In base alla normativa sulla salute e sicurezza (art. 28, d.lgs. 81/2008) il datore di lavoro è obbligato a differenziare l’azione di prevenzione con riguardo ai gruppi più esposti a rischio, che sono, tra gli altri, i seguenti:

  • 1. lavoratrici in stato di gravidanza;
  • 2. differenze di genere;
  • 3. età;
  • 4. provenienza da altri Paesi.

Secondo il legislatore della sicurezza, in altri termini, la prevenzione non può essere destinata a un soggetto neutro, che tende a coincidere con il tipo maschio-40enne-in salute-di nazionalità italiana: le misure di promozione, prevenzione e tutela della salute che il datore di lavoro deve osservare e mettere in campo con riguardo a questi specifici gruppi sono maggiori e, comunque, più mirate rispetto a quelle che deve rivolgere alla genericità dei lavoratori (o al lavoratore in senso neutro).
Da notare che i gruppi di lavoratori tutelati contro le discriminazioni tendono a sovrapporsi a quelli tutelati dalla legislazione in tema di sicurezza. Ricordiamo i fattori di discriminazione principali, che sono sesso, razza, origine etnica, nazionalità, religione, handicap, età, orientamento sessuale (e inoltre: convinzioni personali, orientamento o attività sindacale, orientamento politico). Riteniamo che queste categorie siano in gran parte sovrapponibili: è notorio che le persone maggiormente a rischio “salute” sono anche quelle maggiormente soggette a discriminazioni, perché considerate dalle imprese meno produttive o comunque “più problematiche”.
Un caso di successo, emblematico di come l’innovazione tecnologica può contemporaneamente tutelare la salute e prevenire le discriminazioni, è quello iniziato nel 2007 in uno stabilimento Bmw nella Baviera meridionale. Si è trattato di un esperimento pilota nell’unità “cambi”, caratterizzato dalla costruzione di una linea più lenta, cui sono stati addetti per circa il 30% operai over 50 e per il 18% operai con età inferiore ai 30 anni (più esposti a rischi legati all’imperizia). Vi è stato un forte coinvolgimento dei lavoratori nelle scelte organizzative e l’esperienza pilota ha generato incrementi di produttività, diminuzioni dell’assenteismo e grande affiatamento dei gruppi di lavoro, con un ridottissimo investimento.

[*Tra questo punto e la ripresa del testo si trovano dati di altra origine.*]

lemma X_Suc: "X (Suc n) = max (-1) (min 1 (X n - step (Suc n)))"
  using V_pos[of "Suc n"] by (simp add: state_Suc(3)[of n] wproj_atLeastAtMost step_def)

lemma X_bounds: "-1 \<le> X n \<and> X n \<le> 1"
  by (cases n) (auto simp: state_0 X_Suc)

lemma sqrt_V_ge: "1 \<le> n \<Longrightarrow> sqrt (1 - b2) * real p * sqrt b2 ^ phase n \<le> sqrt (V n)"
proof -
  have "sqrt ((1 - b2) * real p ^ 2 * b2 ^ phase n) = sqrt (1 - b2) * real p * sqrt b2 ^ phase n"
    by (simp add: real_sqrt_mult real_sqrt_power)
  thus "1 \<le> n \<Longrightarrow> ?thesis" using V_bounds[of n] by (metis real_sqrt_le_mono)
qed

end

text \<open>With \<open>K_variance\<close>, \<open>v\<^sub>t \<le> 4\<close> in the second half of every period, so each of its \<open>K\<close> gradients
  \<open>-1\<close> moves the iterate up by at least a quarter of \<open>(1 - \<beta>\<^sub>1)\<close> times the rate; \<open>K_drift\<close> makes
  this outweigh the backtrack.\<close>

locale adam_periodic_long = adam_periodic +
  assumes ratio: "b1 < sqrt b2"
    and K_variance: "b2 ^ K * real (2 * K) ^ 2 \<le> 1"
    and K_drift: "backtrack_bound b1 b2 + 1 \<le> real K * (1 - b1) / 4"
begin
(* Let $p$ be a prime with $p\equiv -1\pmod 6$. Then for all integers $\alpha\ge1$ and $n\ge0$, \[ b_{8}\!\left(p^{2\alpha}n+\frac{(24i+7p)p^{2\alpha-1}-7}{24}\right)\equiv 0 \pmod 2 \] for each $i=1,\ldots,p-1$.
   Context: For a positive integer $\ell$, $b_\ell(n)$ denotes the number of partitions of $n$ having no part divisible by $\ell$. *)

theory Defs
  imports Main "HOL-Library.Multiset" "HOL-Computational_Algebra.Primes"
begin

definition b :: "nat \<Rightarrow> nat \<Rightarrow> nat" where
  "b l n = card {M :: nat multiset. (\<forall>x\<in>#M. 0 < x \<and> \<not> l dvd x) \<and> sum_mset M = n}"

end

(*
  Modulo 2 the generating function of b_8 is prod (1 - q^(8n)) / (1 - q^n), and since
  (1 - q^n)^(-1) = (1 + q^n)^(-1) and (1 + q^n)^8 = 1 + q^(8n) over GF(2), it equals E^7 = E^3 E^4
  with E = prod (1 + q^n).  A combinatorial Jacobi triple product over GF(2) (sets of
  "particles" and "holes" graded by charge) gives E = sum q^(k(3k+1)/2) and
  E^3 = sum q^(k(2k-1)), both over k in Z.  Hence b_8(m) is even unless
  m = k(2k-1) + 2l(3l+1), i.e. unless 24m + 7 = 3X^2 + 4Y^2 with X = 4k - 1, Y = 6l + 1.
  For the m of the theorem, 24m + 7 = p^(2 alpha - 1) Q with p not dividing Q.  Since -3 is a
  non-residue modulo p = 5 (mod 6), p divides 3X^2 + 4Y^2 only if it divides X and Y, so the
  exponent of p in 3X^2 + 4Y^2 is even: a contradiction.
*)

theory Submission
  imports Defs "HOL-Library.Z2" "HOL-Computational_Algebra.Formal_Power_Series"
    "HOL-Number_Theory.Number_Theory"
begin

unbundle fps_syntax

section \<open>Generating functions of weighted sets\<close>

definition finite_fibres :: "'a set \<Rightarrow> ('a \<Rightarrow> nat) \<Rightarrow> bool" where
  "finite_fibres X f \<longleftrightarrow> (\<forall>n. finite {x\<in>X. f x = n})"

definition gf :: "'a set \<Rightarrow> ('a \<Rightarrow> nat) \<Rightarrow> 'b::comm_semiring_1 fps" where
  "gf X f = Abs_fps (\<lambda>n. of_nat (card {x\<in>X. f x = n}))"

lemma gf_nth: "gf X f $ n = of_nat (card {x\<in>X. f x = n})"
  by (simp add: gf_def)
lemma valid_LDisj:
  assumes "valid (insert A G) D" and "valid (insert B G') D'"
    and "finite G" and "finite G'" and "finite D" and "finite D'"
  shows "valid (insert (Disj A B) (G \<union> G')) (D \<union> D')"
proof (rule validI)
  fix C Th
  assume C: "wf_base C" and supported: "\<forall>X\<in>insert (Disj A B) (G \<union> G'). supp C (insert X (Atom ` Th X))"
  let ?T = "Th (Disj A B)"
  let ?E = "Atom ` (\<Union>X\<in>G. Th X) \<union> D" and ?E' = "Atom ` (\<Union>X\<in>G'. Th X) \<union> D'"
  have G: "\<forall>X\<in>G. supp C (insert X (Atom ` Th X))" and G': "\<forall>X\<in>G'. supp C (insert X (Atom ` Th X))"
    using supported by auto
  have finite: "finite ?E" "finite ?E'"
    using assms(3-6) finite_UN_supported[OF _ G] finite_UN_supported[OF _ G'] by auto
  have "supp C (insert (Disj A B) (Atom ` ?T))" using supported by simp
  then have "supp C (insert A (insert B (Atom ` ?T)))" using supp_insert_Disj supp_atoms_finite by blast
  then have "supp C (insert B (Atom ` ?T) \<union> ?E)"
  proof (rule supp_cut[OF _ C finite(1)])
    fix C' T assume "wf_base C'" "C \<subseteq> C'" "supp C' (insert A (Atom ` T))"
    then show "supp C' (Atom ` T \<union> ?E)"
      using valid_insert_supp[OF assms(1,3,5) G] by (simp add: image_Un Un_assoc)
  qed
  then have "supp C (insert B (Atom ` ?T \<union> ?E))" by simp
  then have "supp C ((Atom ` ?T \<union> ?E) \<union> ?E')"
  proof (rule supp_cut[OF _ C finite(2)])
    fix C' T assume "wf_base C'" "C \<subseteq> C'" "supp C' (insert B (Atom ` T))"
    then show "supp C' (Atom ` T \<union> ?E')"
      using valid_insert_supp[OF assms(2,4,6) G'] by (simp add: image_Un Un_assoc)
  qed
  moreover have "(Atom ` ?T \<union> ?E) \<union> ?E' = Atom ` (\<Union>X\<in>insert (Disj A B) (G \<union> G'). Th X) \<union> (D \<union> D')"
    by auto
  ultimately show "supp C (Atom ` (\<Union>X\<in>insert (Disj A B) (G \<union> G'). Th X) \<union> (D \<union> D'))" by simp
qed

lemma valid_RDisj:
  assumes "valid G (insert A (insert B D))" and "finite G" and "finite D"
  shows "valid G (insert (Disj A B) D)"
proof (rule validI)
  fix C Th assume C: "wf_base C" and supported: "\<forall>X\<in>G. supp C (insert X (Atom ` Th X))"
  let ?S = "Atom ` (\<Union>X\<in>G. Th X) \<union> D"
  have finite: "finite ?S" using assms(2,3) finite_UN_supported[OF _ supported] by simp
  have "supp C (insert A (insert B ?S))" using validD[OF assms(1) C supported] by simp
  then have "supp C (insert (Disj A B) ?S)" using supp_insert_Disj[OF finite] by blast
  then show "supp C (Atom ` (\<Union>X\<in>G. Th X) \<union> insert (Disj A B) D)" by simp
qed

Gli esempi di come l’innovazione tecnologica possa essere un vantaggio per i lavoratori in età avanzata potrebbero moltiplicarsi e vanno dalla progettazione di esoscheletri indossabili allo smart-working (i lavoratori non più giovani potrebbero trarre giovamento dai minori spostamenti), dalla progettazione di sistemi di illuminazione a quella di software più accessibili e semplici da utilizzare: dal curare la corretta insonorizzazione/predisposizione di appositi segnali acustici o vibrazioni, alla formazione mirata e continua (tecnologica e anche sulle soft skills), e così via.

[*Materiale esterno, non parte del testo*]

(* Assume $A$ has no eigenvalue equal to $1$, let $M=C(I-A)^{-1}$ and $\gamma>0$. Suppose $\lambda\in\mathbb{R}_+$, $P\in\mathbb{S}^{n_x}_{\succ0}$, $\tilde Z\in\mathbb{S}^{n_y}_{\succ0}$, $G\in\mathbb{R}^{n_x\times n_y}$, $Y\in\mathbb{R}^{n_y\times n_a}$ satisfy $$\begin{bmatrix}P & PA-GC & PB_\omega-GD_\omega\\ * & P & 0\\ * & * & I\end{bmatrix}\succ0,\qquad \begin{bmatrix}\tilde Z & \tilde ZC & \tilde ZD_\omega\\ * & P & 0\\ * & 0 & I\end{bmatrix}\succ0,\qquad \begin{bmatrix}\Theta_1 & \begin{bmatrix}\Theta_2 & \Theta_3\end{bmatrix}\\ * & \begin{bmatrix}\tfrac1\gamma P & 0\\ 0 & \gamma P\end{bmatrix}\end{bmatrix}\succeq0,$$ where $$\Theta_1=\begin{bmatrix}D_a^\top Y+Y^\top D_a-\lambda D_a^\top WD_a & Y^\top\\ * & \tfrac12\tilde Z\end{bmatrix},\quad \Theta_2=\begin{bmatrix}-Y^\top M\\ 0\end{bmatrix},\quad \Theta_3=\begin{bmatrix}0\\ G^\top\end{bmatrix}.$$ Then with $L=P^{-1}G$ we have $\rho(A-LC)<1$ and $$\tfrac12D_a^\top(I+ML)^{-\top}\Sigma_{r_\omega}^{-1}(L)(I+ML)^{-1}D_a-\lambda D_a^\top WD_a\succeq0,$$ i.e., $(L,\lambda)$ is feasible for the steady-state design problem $\max_{L,\lambda\in\mathbb{R}_+}\{\lambda:\ \tfrac12D_a^\top\Phi(\infty,L)^\top\Sigma_{r_\omega}^{-1}(L)\Phi(\infty,L)D_a-\lambda D_a^\top WD_a\succeq0,\ \rho(A-LC)<1\}$ with $\Phi(\infty,L)=(I+ML)^{-1}$; maximizing $\lambda$ subject to these LMIs thus approximates that problem.
   Context: System: $x(k+1)=Ax(k)+Bu(k)+B_\omega\omega(k)$, $y(k)=Cx(k)+D_\omega\omega(k)+y_a(k)$, $x\in\mathbb{R}^{n_x}$, $y\in\mathbb{R}^{n_y}$, $\omega(k)\sim\mathcal N(0,I_{n_\omega})$ i.i.d., $(A,C)$ detectable, $(A,B_\omega)$ stabilizable; observer $\hat x(k+1)=A\hat x+Bu+L(y-C\hat x)$ with residual $r=y-C\hat x$. Bias injection attack $y_a(k)=D_a\bar a$ for $k\ge0$ (zero before), with $D_a\in\mathbb{R}^{n_y\times n_a}$ having entries $(j_i,i)=1$ for compromised sensor indices $j_1<\dots<j_{n_a}$ and zeros elsewhere; $W\in\mathbb{R}^{n_y\times n_y}$ symmetric positive semidefinite. $\rho$ is spectral radius, $\mathbb{R}_+$ the positive reals, $\mathbb{S}^n_{\succ0}$ the symmetric positive definite $n\times n$ matrices, $*$ denotes blocks determined by symmetry, and $X^{-\top}=(X^{-1})^\top$. For stabilizing $L$, $\Sigma_{\tilde x}(L)$ solves $\Sigma=(A-LC)\Sigma(A-LC)^\top+(B_\omega-LD_\omega)(B_\omega-LD_\omega)^\top$ and $\Sigma_{r_\omega}(L)=C\Sigma_{\tilde x}(L)C^\top+D_\omega D_\omega^\top$ (assumed invertible). The steady-state transition matrix is $\Phi(\infty,L)=I-C(I-A+LC)^{-1}L$, which equals $(I+ML)^{-1}$ for stabilizing $L$ when $A$ has no unit eigenvalue. *)

theory Defs
  imports "HOL-Analysis.Analysis"
begin
(* Let $\beta>0$, $\gamma\ge0$, $0\le q<s<\infty$, and let $\mu$ be a finite positive Borel measure on $[0,1)$. The following are equivalent: (1) $\mu$ is a $\gamma$-logarithmic $s$-Carleson measure; (2) $\displaystyle\sup_{w\in\mathbb{D}}\int_{[0,1)}\frac{(1-|w|)^\beta\log^\gamma\frac{e}{1-|w|}}{(1-t)^q(1-|w|t)^{s+\beta-q}}\,d\mu(t)<\infty$; (3) $\displaystyle\sup_{w\in\mathbb{D}}\int_{[0,1)}\frac{(1-|w|)^\beta\log^\gamma\frac{e}{1-|w|}}{(1-t)^q|1-wt|^{s+\beta-q}}\,d\mu(t)<\infty$; (4) $\displaystyle\sup_{w\in\mathbb{D}}\int_{[0,1)}\frac{(1-|w|)^\beta\log^\gamma\frac{e}{1-t}}{(1-t)^q(1-|w|t)^{s+\beta-q}}\,d\mu(t)<\infty$.
   Context: $\mathbb{D}$ is the open unit disc. For $\gamma\ge0$ and $s>0$, a finite positive Borel measure $\mu$ on $[0,1)$ is a $\gamma$-logarithmic $s$-Carleson measure if there is $C>0$ with $\log^\gamma\!\big(\frac{e}{1-t}\big)\mu([t,1))\le C(1-t)^s$ for all $t\in[0,1)$. *)

theory Defs
  imports "HOL-Analysis.Analysis"
begin

definition fin_borel_measure_on_01 :: "real measure \<Rightarrow> bool" where
  "fin_borel_measure_on_01 \<mu> \<longleftrightarrow>
     sets \<mu> = sets borel \<and> finite_measure \<mu> \<and> emeasure \<mu> (- {0..<1}) = 0"

definition log_carleson :: "real \<Rightarrow> real \<Rightarrow> real measure \<Rightarrow> bool" where
  "log_carleson \<gamma> s \<mu> \<longleftrightarrow>
     (\<exists>C>0. \<forall>t\<in>{0..<1::real}.
        (ln (exp 1 / (1 - t))) powr \<gamma> * measure \<mu> {t..<1} \<le> C * (1 - t) powr s)"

È compito dei “tecnici” operare nella direzione sia dello sviluppo di tecnologie e di macchinari utili ad accrescere la produttività e il profitto, sia in quella della tutela dei diritti dei lavoratori; con ciò realizzando l’ulteriore scopo previsto dalla Costituzione, che è quello per il quale l’attività economica non può svolgersi in contrasto con l’utilità sociale, o in modo da recare danno alla sicurezza, alla libertà, alla dignità umana (v. art. 41, comma 2 Cost.).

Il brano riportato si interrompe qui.